Keeping every word in place, write out the entries that come next.

Records Start Marker

lemma (in group_action) card_invariant_subset_mod_fixed_points:
  assumes p: "prime p" and order: "Coset.order G = p ^ k"
    and "finite F" and "F \<subseteq> E" and "\<forall>g\<in>carrier G. \<forall>x\<in>F. \<phi> g x \<in> F"
  shows "card F mod p = card {x \<in> F. \<forall>g\<in>carrier G. \<phi> g x = x} mod p"
  using assms(3-)
proof (induction "card F" arbitrary: F rule: less_induct)
  case (less F)
  define Fix where "Fix F' = {x \<in> F'. \<forall>g\<in>carrier G. \<phi> g x = x}" for F'
  show ?case
  proof (cases "F = Fix F")
    case True
    then show ?thesis unfolding Fix_def by simp
  next
    case False
    then obtain x g where x: "x \<in> F" and g: "g \<in> carrier G" and moved: "\<phi> g x \<noteq> x"
      unfolding Fix_def by blast
    have xE: "x \<in> E" using x less.prems(2) by blast
    have orbit_sub: "orbit G \<phi> x \<subseteq> F" using x less.prems(3) unfolding orbit_def by blast
    define F' where "F' = F - orbit G \<phi> x"
    have card_F: "card F = card F' + card (orbit G \<phi> x)"
      unfolding F'_def using orbit_sub less.prems(1)
      by (metis card_Diff_subset card_mono finite_subset le_add_diff_inverse2)
    have "card (orbit G \<phi> x) > 0"
      using orbit_refl[OF xE] orbit_sub less.prems(1) card_gt_0_iff finite_subset by blast
    then have "card F' < card F" using card_F by simp
    moreover have "F' \<subseteq> E" using less.prems(2) F'_def by blast
    moreover have "\<forall>h\<in>carrier G. \<forall>y\<in>F'. \<phi> h y \<in> F'"
      unfolding F'_def using invariant_diff_orbit[OF less.prems(2,3) xE] .
    ultimately have "card F' mod p = card (Fix F') mod p"
      using less.hyps less.prems(1) unfolding F'_def Fix_def by auto
    moreover have "Fix F = Fix F'"
      using fixed_if_orbit_meets_fixed[OF xE] g moved unfolding Fix_def F'_def by blast
    moreover have "card F mod p = card F' mod p"
      using p_dvd_card_orbit[OF p order xE g moved] by (auto simp: card_F elim!: dvdE)
    ultimately show ?thesis unfolding Fix_def by simp
  qed
qed

lemma grp_center_subset: "grp_center G \<subseteq> carrier G"
  unfolding grp_center_def by auto

lemma (in group) one_in_grp_center: "\<one> \<in> grp_center G"
  unfolding grp_center_def by simp

lemma (in group) conjugation_fixed_iff_center:
  assumes "x \<in> carrier G"
  shows "(\<forall>g\<in>carrier G. g \<otimes> x \<otimes> inv g = x) \<longleftrightarrow> x \<in> grp_center G"
proof -
  have "g \<otimes> x \<otimes> inv g = x \<longleftrightarrow> x \<otimes> g = g \<otimes> x" if "g \<in> carrier G" for g
    using that assms by (metis inv_solve_right' m_closed)
  then show ?thesis using assms unfolding grp_center_def by auto
qed

lemma p_dvd_card_normal_subgroup_inter_center:
  fixes G (structure)
  assumes "p_group G p" and normal: "K \<lhd> G" and "K \<noteq> {\<one>}"
  shows "p dvd card (K \<inter> grp_center G)"
proof -
  from assms(1) have grp: "group G" and fin: "finite (carrier G)" and p: "prime p"
    and "\<exists>k. Coset.order G = p ^ k" unfolding p_group_def Coset.order_def by auto
  then obtain k where order: "Coset.order G = p ^ k" by blast
  interpret group G by fact
  interpret K: subgroup K G using normal by (rule normal_imp_subgroup)
  interpret conj: group_action G "carrier G" "\<lambda>g. \<lambda>h\<in>carrier G. g \<otimes> h \<otimes> inv g"
    by (rule action_by_conjugation)
  have finK: "finite K" using fin K.subset finite_subset by blast
  have "card K dvd p ^ k" using lagrange[OF K.subgroup_axioms] order by (metis dvd_triv_right)
  then obtain j where j: "card K = p ^ j" using p divides_primepow_nat by auto
  have "card K \<noteq> 1" using assms(3) K.one_closed by (metis card_1_singletonE singletonD)
  then have "p dvd card K" using j by (cases j) auto
  moreover have "card K mod p = card (K \<inter> grp_center G) mod p"
  proof -
    have "(\<lambda>h\<in>carrier G. g \<otimes> h \<otimes> inv g) x \<in> K" if "g \<in> carrier G" "x \<in> K" for g x
      using that K.subset normal_invE(2)[OF normal] by auto
    then have "card K mod p
        = card {x \<in> K. \<forall>g\<in>carrier G. (\<lambda>h\<in>carrier G. g \<otimes> h \<otimes> inv g) x = x} mod p"
      using conj.card_invariant_subset_mod_fixed_points[OF p order finK K.subset] by blast
    also have "{x \<in> K. \<forall>g\<in>carrier G. (\<lambda>h\<in>carrier G. g \<otimes> h \<otimes> inv g) x = x} = K \<inter> grp_center G"
      using conjugation_fixed_iff_center K.subset by auto
    finally show ?thesis .
  qed
  ultimately show ?thesis by (simp add: mod_eq_0_iff_dvd)
qed

lemma center_subset_nontrivial_normal_subgroup:
  fixes G (structure)
  assumes pG: "p_group G p" and center: "card (grp_center G) = p"
    and "K \<lhd> G" and "K \<noteq> {\<one>}"
  shows "grp_center G \<subseteq> K"
proof -
  from pG have grp: "group G" and fin: "finite (carrier G)" unfolding p_group_def by auto
  have finZ: "finite (grp_center G)" by (rule finite_subset[OF grp_center_subset fin])
  have "\<one> \<in> K"
    using subgroup.one_closed[OF normal_imp_subgroup[OF assms(3)]] .
  then have "\<one> \<in> K \<inter> grp_center G"
    using group.one_in_grp_center[OF grp] by blast
  then have "card (K \<inter> grp_center G) > 0"
    using finZ by (simp add: card_gt_0_iff) blast
  then have "card (K \<inter> grp_center G) \<ge> card (grp_center G)"
    using p_dvd_card_normal_subgroup_inter_center[OF pG assms(3,4)] center dvd_imp_le by simp
  then have "K \<inter> grp_center G = grp_center G"
    using finZ card_seteq[of "grp_center G" "K \<inter> grp_center G"] by blast
  then show ?thesis by blast
qed

lemma nontrivial_center_elementE:
  fixes G (structure)
  assumes "p_group G p" and "card (grp_center G) = p"
  obtains z where "z \<in> grp_center G" "z \<noteq> \<one>"
proof (rule ccontr)
  assume "\<not> thesis"
  then have "grp_center G \<subseteq> {\<one>}" using that by blast
  then have "card (grp_center G) \<le> card {\<one>}" by (intro card_mono) simp_all
  moreover have "1 < p" using assms(1) prime_gt_1_nat unfolding p_group_def by blast
  ultimately show False using assms(2) by simp
qed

Records End Marker

Solved exercise =>
lemma (in group_action) card_invariant_subset_mod_fixed_points:
  assumes p: "prime p" and order: "Coset.order G = p ^ k"
    and "finite F" and "F \<subseteq> E" and "\<forall>g\<in>carrier G. \<forall>x\<in>F. \<phi> g x \<in> F"
  shows "card F mod p = card {x \<in> F. \<forall>g\<in>carrier G. \<phi> g x = x} mod p"
  using assms(3-)
proof (induction "card F" arbitrary: F rule: less_induct)
  case (less F)
  define Fix where "Fix F' = {x \<in> F'. \<forall>g\<in>carrier G. \<phi> g x = x}" for F'
  show ?case
  proof (cases "F = Fix F")
    case True
    then show ?thesis unfolding Fix_def by simp
  next
    case False
    then obtain x g where x: "x \<in> F" and g: "g \<in> carrier G" and moved: "\<phi> g x \<noteq> x"
      unfolding Fix_def by blast
    have xE: "x \<in> E" using x less.prems(2) by blast
    have orbit_sub: "orbit G \<phi> x \<subseteq> F" using x less.prems(3) unfolding orbit_def by blast
    define F' where "F' = F - orbit G \<phi> x"
    have card_F: "card F = card F' + card (orbit G \<phi> x)"
      unfolding F'_def using orbit_sub less.prems(1)
      by (metis card_Diff_subset card_mono finite_subset le_add_diff_inverse2)
    have "card (orbit G \<phi> x) > 0"
      using orbit_refl[OF xE] orbit_sub less.prems(1) card_gt_0_iff finite_subset by blast
    then have "card F' < card F" using card_F by simp
    moreover have "F' \<subseteq> E" using less.prems(2) F'_def by blast
    moreover have "\<forall>h\<in>carrier G. \<forall>y\<in>F'. \<phi> h y \<in> F'"
      unfolding F'_def using invariant_diff_orbit[OF less.prems(2,3) xE] .
    ultimately have "card F' mod p = card (Fix F') mod p"
      using less.hyps less.prems(1) unfolding F'_def Fix_def by auto
    moreover have "Fix F = Fix F'"
      using fixed_if_orbit_meets_fixed[OF xE] g moved unfolding Fix_def F'_def by blast
    moreover have "card F mod p = card F' mod p"
      using p_dvd_card_orbit[OF p order xE g moved] by (auto simp: card_F elim!: dvdE)
    ultimately show ?thesis unfolding Fix_def by simp
  qed
qed

lemma grp_center_subset: "grp_center G \<subseteq> carrier G"
  unfolding grp_center_def by auto

lemma (in group) one_in_grp_center: "\<one> \<in> grp_center G"
  unfolding grp_center_def by simp

lemma (in group) conjugation_fixed_iff_center:
  assumes "x \<in> carrier G"
  shows "(\<forall>g\<in>carrier G. g \<otimes> x \<otimes> inv g = x) \<longleftrightarrow> x \<in> grp_center G"
proof -
  have "g \<otimes> x \<otimes> inv g = x \<longleftrightarrow> x \<otimes> g = g \<otimes> x" if "g \<in> carrier G" for g
    using that assms by (metis inv_solve_right' m_closed)
  then show ?thesis using assms unfolding grp_center_def by auto
qed

lemma p_dvd_card_normal_subgroup_inter_center:
  fixes G (structure)
  assumes "p_group G p" and normal: "K \<lhd> G" and "K \<noteq> {\<one>}"
  shows "p dvd card (K \<inter> grp_center G)"
proof -
  from assms(1) have grp: "group G" and fin: "finite (carrier G)" and p: "prime p"
    and "\<exists>k. Coset.order G = p ^ k" unfolding p_group_def Coset.order_def by auto
  then obtain k where order: "Coset.order G = p ^ k" by blast
  interpret group G by fact
  interpret K: subgroup K G using normal by (rule normal_imp_subgroup)
  interpret conj: group_action G "carrier G" "\<lambda>g. \<lambda>h\<in>carrier G. g \<otimes> h \<otimes> inv g"
    by (rule action_by_conjugation)
  have finK: "finite K" using fin K.subset finite_subset by blast
  have "card K dvd p ^ k" using lagrange[OF K.subgroup_axioms] order by (metis dvd_triv_right)
  then obtain j where j: "card K = p ^ j" using p divides_primepow_nat by auto
  have "card K \<noteq> 1" using assms(3) K.one_closed by (metis card_1_singletonE singletonD)
  then have "p dvd card K" using j by (cases j) auto
  moreover have "card K mod p = card (K \<inter> grp_center G) mod p"
  proof -
    have "(\<lambda>h\<in>carrier G. g \<otimes> h \<otimes> inv g) x \<in> K" if "g \<in> carrier G" "x \<in> K" for g x
      using that K.subset normal_invE(2)[OF normal] by auto
    then have "card K mod p
        = card {x \<in> K. \<forall>g\<in>carrier G. (\<lambda>h\<in>carrier G. g \<otimes> h \<otimes> inv g) x = x} mod p"
      using conj.card_invariant_subset_mod_fixed_points[OF p order finK K.subset] by blast
    also have "{x \<in> K. \<forall>g\<in>carrier G. (\<lambda>h\<in>carrier G. g \<otimes> h \<otimes> inv g) x = x} = K \<inter> grp_center G"
      using conjugation_fixed_iff_center K.subset by auto
    finally show ?thesis .
  qed
  ultimately show ?thesis by (simp add: mod_eq_0_iff_dvd)
qed

lemma center_subset_nontrivial_normal_subgroup:
  fixes G (structure)
  assumes pG: "p_group G p" and center: "card (grp_center G) = p"
    and "K \<lhd> G" and "K \<noteq> {\<one>}"
  shows "grp_center G \<subseteq> K"
proof -
  from pG have grp: "group G" and fin: "finite (carrier G)" unfolding p_group_def by auto
  have finZ: "finite (grp_center G)" by (rule finite_subset[OF grp_center_subset fin])
  have "\<one> \<in> K"
    using subgroup.one_closed[OF normal_imp_subgroup[OF assms(3)]] .
  then have "\<one> \<in> K \<inter> grp_center G"
    using group.one_in_grp_center[OF grp] by blast
  then have "card (K \<inter> grp_center G) > 0"
    using finZ by (simp add: card_gt_0_iff) blast
  then have "card (K \<inter> grp_center G) \<ge> card (grp_center G)"
    using p_dvd_card_normal_subgroup_inter_center[OF pG assms(3,4)] center dvd_imp_le by simp
  then have "K \<inter> grp_center G = grp_center G"
    using finZ card_seteq[of "grp_center G" "K \<inter> grp_center G"] by blast
  then show ?thesis by blast
qed

lemma nontrivial_center_elementE:
  fixes G (structure)
  assumes "p_group G p" and "card (grp_center G) = p"
  obtains z where "z \<in> grp_center G" "z \<noteq> \<one>"
proof (rule ccontr)
  assume "\<not> thesis"
  then have "grp_center G \<subseteq> {\<one>}" using that by blast
  then have "card (grp_center G) \<le> card {\<one>}" by (intro card_mono) simp_all
  moreover have "1 < p" using assms(1) prime_gt_1_nat unfolding p_group_def by blast
  ultimately show False using assms(2) by simp
qed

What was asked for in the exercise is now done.